Even with such help, trying to succeed professionally while being responsible parents entails a never-ending oscillation between work guilt and family guilt: working to assuage the guilt in one category increases guilt in the other category. Among our various keys to survival were to become experts on take-out foods; to defer maintenance on our house until some problem became a crisis or somebody else was going to have to live in the house while we were away on leave; and never even considering not filing an extension of time to complete our taxes.

A high level of cooperation and give-and-take is required. Who has the biggest crisis? Who should sacrifice this time? Who is best equipped to handle an unanticipated problem or emergency? We discovered that balancing things most effectively was not a matter of each of us doing 50 percent of everything. Instead, except with respect to our sons’ sports activities, where it seemed necessary for us both to be fully involved, we came to divide labor and responsibilities in terms of which one of us was the most competent, or least incompetent, in a given domain, such as Elizabeth handling all of our paperwork and bill paying and Bob doing what he would characterize as more menial jobs, like buying groceries. The idea was that things would balance out, but the truth is that whenever a family crisis emerged, such as a school project that needed to get finished, one of our sons being ill, and so forth, it turned out that Elizabeth was almost always the one to make the necessary sacrifices.
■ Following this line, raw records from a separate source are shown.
lemma psd_pencil_scalar_tuple_iff:
  assumes "SM m g Y" "length x = g" "0 < g"
  shows "psd (pencil Y (scalar_tuple x)) \<longleftrightarrow> (\<forall>v. (\<Sum>i<g. x ! i * Re (qform (Y ! i) v)) \<le> (\<Sum>r<m. (cmod (v r))\<^sup>2))"
proof -
  note Y = SM_D[OF assms(1)]
  have "hermitian (pencil Y (scalar_tuple x))"
    unfolding pencil_scalar_tuple[OF assms] using Y
    by (intro hermitian_identity_minus_sum) (simp add: hermitian_smult_real)
  moreover have "Re (qform (pencil Y (scalar_tuple x)) v) = (\<Sum>r<m. (cmod (v r))\<^sup>2) - (\<Sum>i<g. x ! i * Re (qform (Y ! i) v))" for v
    unfolding pencil_scalar_tuple[OF assms] using Y(2)
    by (subst qform_identity_minus_sum) (auto simp: qform_smult[OF Y(2)] intro!: sum.cong)
  ultimately show ?thesis unfolding psd_iff_qform by (simp add: diff_ge_0_iff_ge)
qed

lemma psd_pencil_self_imp_qform_bound:
  assumes "SM m g Y" "0 < g" "psd (pencil Y Y)"
  shows "(\<Sum>i<g. (Re (qform (Y ! i) v))\<^sup>2) \<le> (\<Sum>r<m. (cmod (v r))\<^sup>2)\<^sup>2"
proof -
  note Y = SM_D[OF assms(1)]
  \<comment> \<open>test the pencil against the tensor square \<open>v \<otimes> v\<close>\<close>
  let ?u = "\<lambda>r. v (r div m) * v (r mod m)"
  have "qform (kron (Y ! i) (Y ! i)) ?u = complex_of_real ((Re (qform (Y ! i) v))\<^sup>2)" if "i < g" for i
    using Y(2,3)[OF that] hermitian_qform_real[of "Y ! i" v]
    by (simp add: qform_kron power2_eq_square complex_eq_iff)
  then have "(\<Sum>i<g. qform (kron (Y ! i) (Y ! i)) ?u) = complex_of_real (\<Sum>i<g. (Re (qform (Y ! i) v))\<^sup>2)"
    unfolding of_real_sum by (intro sum.cong refl) simp
  moreover have "qform (pencil Y Y) ?u
      = complex_of_real (\<Sum>r<m * m. (cmod (?u r))\<^sup>2) - (\<Sum>i<g. qform (kron (Y ! i) (Y ! i)) ?u)"
    unfolding pencil_eq[OF assms(1,1,2)] using Y(2) by (intro qform_identity_minus_sum kron_carrier_mat)
  ultimately have "Re (qform (pencil Y Y) ?u) = (\<Sum>r<m. (cmod (v r))\<^sup>2)\<^sup>2 - (\<Sum>i<g. (Re (qform (Y ! i) v))\<^sup>2)"
    unfolding sum_cmod_square_tensor by (simp add: power2_eq_square)
  moreover have "0 \<le> Re (qform (pencil Y Y) ?u)" using assms(3) unfolding psd_iff_qform by blast
  ultimately show ?thesis by linarith
qed
lemma dvd_card_eval_at_0_image:
  fixes G :: "('a::idom poly^'n^'n) set"
  assumes G: "GL_subgroup G" "finite G" and d: "d dvd card G" "coprime d CHAR('a)"
  shows "d dvd card (eval_at_0 ` G)"
proof -
  let ?G = "matrix_group G" and ?H = "matrix_group (eval_at_0 ` G)"
  interpret G: group ?G by (rule group_matrix_group[OF G(1)])
  interpret hom: group_hom ?G ?H eval_at_0
    by (intro group_hom.intro group_hom_axioms.intro G.is_group
        group_matrix_group[OF GL_subgroup_eval_at_0[OF G(1)]])
       (auto simp: hom_def matrix_group_def eval_at_0_mult)
  define K where "K = kernel ?G ?H eval_at_0"
  have K: "subgroup K ?G" "finite K"
    using hom.subgroup_kernel G(2) by (auto simp: K_def kernel_def matrix_group_def)
  have card_G: "card G = card K * card (eval_at_0 ` G)"
    using hom.card_eq_card_kernel_mult_card by (simp add: K_def matrix_group_def)
  have "coprime d (card K)"
  proof (rule ccontr)
    assume "\<not> coprime d (card K)"
    then obtain l where l: "prime l" "l dvd d" "l dvd card K"
      using prime_factor_nat[of "gcd d (card K)"] by (auto simp: coprime_iff_gcd_eq_1)
    have "of_nat l \<noteq> (0::'a)"
    proof
      assume "of_nat l = (0::'a)"
      then have "CHAR('a) dvd d" using l(2) by (auto simp: of_nat_eq_0_iff_char_dvd intro: dvd_trans)
      then show False using coprime_common_divisor[OF d(2) _ dvd_refl] by simp
    qed
    obtain x where x: "x \<in> K" "x \<noteq> mat 1" "x [^]\<^bsub>?G\<^esub> l = mat 1"
      using G.subgroup_obtain_elem_of_prime_order[OF K l(1,3)] by (auto simp: matrix_group_def)
    have "eval_at_0 x = mat 1" using x(1) by (simp add: K_def kernel_def matrix_group_def)
    moreover have "matpow x l = mat 1" using x(3) by (simp add: nat_pow_matrix_group)
    ultimately have "x = mat 1" using kernel_eval_at_0_torsion_free \<open>of_nat l \<noteq> 0\<close> by blast
    with x(2) show False ..
  qed
  with d(1) card_G show ?thesis by (metis coprime_dvd_mult_right_iff)
qed

lemma CHAR_eq_if_card_eq_prime_power:
  assumes "prime p" and "CARD('a::{finite,field}) = p ^ e"
  shows "CHAR('a) = p"
proof -
  have "prime CHAR('a)" by (rule prime_CHAR_semidom[OF finite_imp_CHAR_pos]) simp
  moreover have "CHAR('a) dvd p ^ e" using CHAR_dvd_CARD[where ?'a='a] assms(2) by simp
  ultimately show ?thesis
    using assms(1) prime_dvd_power primes_dvd_imp_eq by blast
qed

lemma prime_to_part_dvd_coprime:
  assumes "m > 0"
  shows "prime_to_part m p dvd m" "coprime (prime_to_part m p) p"
proof -
  have "prime_to_part m p \<in> {d. d dvd m \<and> coprime d p}"
    unfolding prime_to_part_def
  proof (rule Max_in)
    show "finite {d. d dvd m \<and> coprime d p}"
      by (rule finite_subset[of _ "{..m}"]) (use assms in \<open>auto dest: dvd_imp_le\<close>)
  qed auto
  then show "prime_to_part m p dvd m" "coprime (prime_to_part m p) p" by auto
qed

theorem lemma2p12:
  fixes G :: "('a::{finite,field} poly ^ 'n::finite ^ 'n) set"
    and p e :: nat
  assumes "prime p" and "CARD('a) = p ^ e"
    and "GL_subgroup G" and "finite G"
  shows "prime_to_part (card G) p dvd (\<Prod>s=1..CARD('n). CARD('a) ^ s - 1)"
proof -
  define d where "d = prime_to_part (card G) p"
  have "card G > 0" using assms(3,4) by (auto simp: GL_subgroup_def card_gt_0_iff)
  then have d: "d dvd card G" "coprime d p" by (simp_all add: d_def prime_to_part_dvd_coprime)
  have "CHAR('a) = p" using assms(1,2) by (rule CHAR_eq_if_card_eq_prime_power)
  with d assms(3,4) have "d dvd card (eval_at_0 ` G)" by (simp add: dvd_card_eval_at_0_image)
  also have "\<dots> dvd card {M :: 'a^'n^'n. invertible M}"
    using GL_subgroup_eval_at_0[OF assms(3)] by (rule card_GL_subgroup_dvd)
  also have "\<dots> = (\<Prod>i<CARD('n). CARD('a) ^ i) * (\<Prod>s=1..CARD('n). CARD('a) ^ s - 1)"
    by (simp add: card_invertible_matrices prod_diff_powers_eq)
  finally have "d dvd \<dots>" .
  moreover have "coprime d (\<Prod>i<CARD('n). CARD('a) ^ i)"
    using d(2) assms(2) by (simp add: prod_coprime_right)
  ultimately show ?thesis by (simp add: d_def coprime_dvd_mult_right_iff)
qed

end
Perhaps the most difficult aspect of managing our professional and family lives is associated with the freedom and flexibility one has as a researcher and teacher. Having no fixed work hours, coupled with open-ended teaching, research, and writing goals and challenges, means that one is free to work all the time. The fact that their parents were never done working, that they always brought work home to do evenings, weekends, and even on vacations, might have been the hardest thing on our sons.

But We’re Not Complaining

We were asked to focus in this article on matters such as how we have juggled work and home life; how we have negotiated the requirements of two demanding careers; what the secret of our “coupleness” might be; and so forth. We would be remiss, though, not to mention the joys and opportunities that also come with being a professional couple—and colleagues. In fact, if you are going to be a professional couple both working 60+ hours a week, being an academic couple in the same department is probably the way to go. We have had the freedom and flexibility to take impromptu walks on the Michigan and UCLA campuses; to get together for a latte or ice cream after an exhausting lecture; to schedule getaways during breaks and holidays; to attend basketball games in Pauley Pavilion and football games in Michigan stadium; to interrupt each other willy-nilly with questions and ideas; and on and on. In addition, being in the same department and same field has let us arrange leaves together at stimulating and interesting places, such as UC San Diego, Bell Laboratories, Dartmouth College, the Center for Advanced Study at Stanford, and the School of Psychology at the University of Saint Andrews in Scotland. In short, only on very rare occasions have we ever felt sorry for ourselves.

The Bottom Line

Whatever the difficulties and challenges, our careers have had a singularly positive feature. We have been eager, every day, to go to work (okay, make that nearly every day). We have not only enjoyed research and teaching, we have been able to share the questions, the observations, and the ideas that make psychological science so compelling, captivating, and challenging.

References

Bjork, R. A., & Bjork, E. L. (1992). A new theory of disuse and an old theory of stimulus fluctuation. In A. Healy, S. Kosslyn, & R. Shiffrin (Eds.), From learning processes to cognitive processes: Essays in honor of William K. Estes (Vol. 2, pp. 35-67). Hillsdale, NJ: Erlbaum.
Kendler, H. H. (2001). Tracy S. Kendler, Psychology: Santa Barbara. In M. Condlin (Ed.), University of California: In Memoriam, 2001 (pp. 127-131). Oakland, CA: Academic Senate, University of California.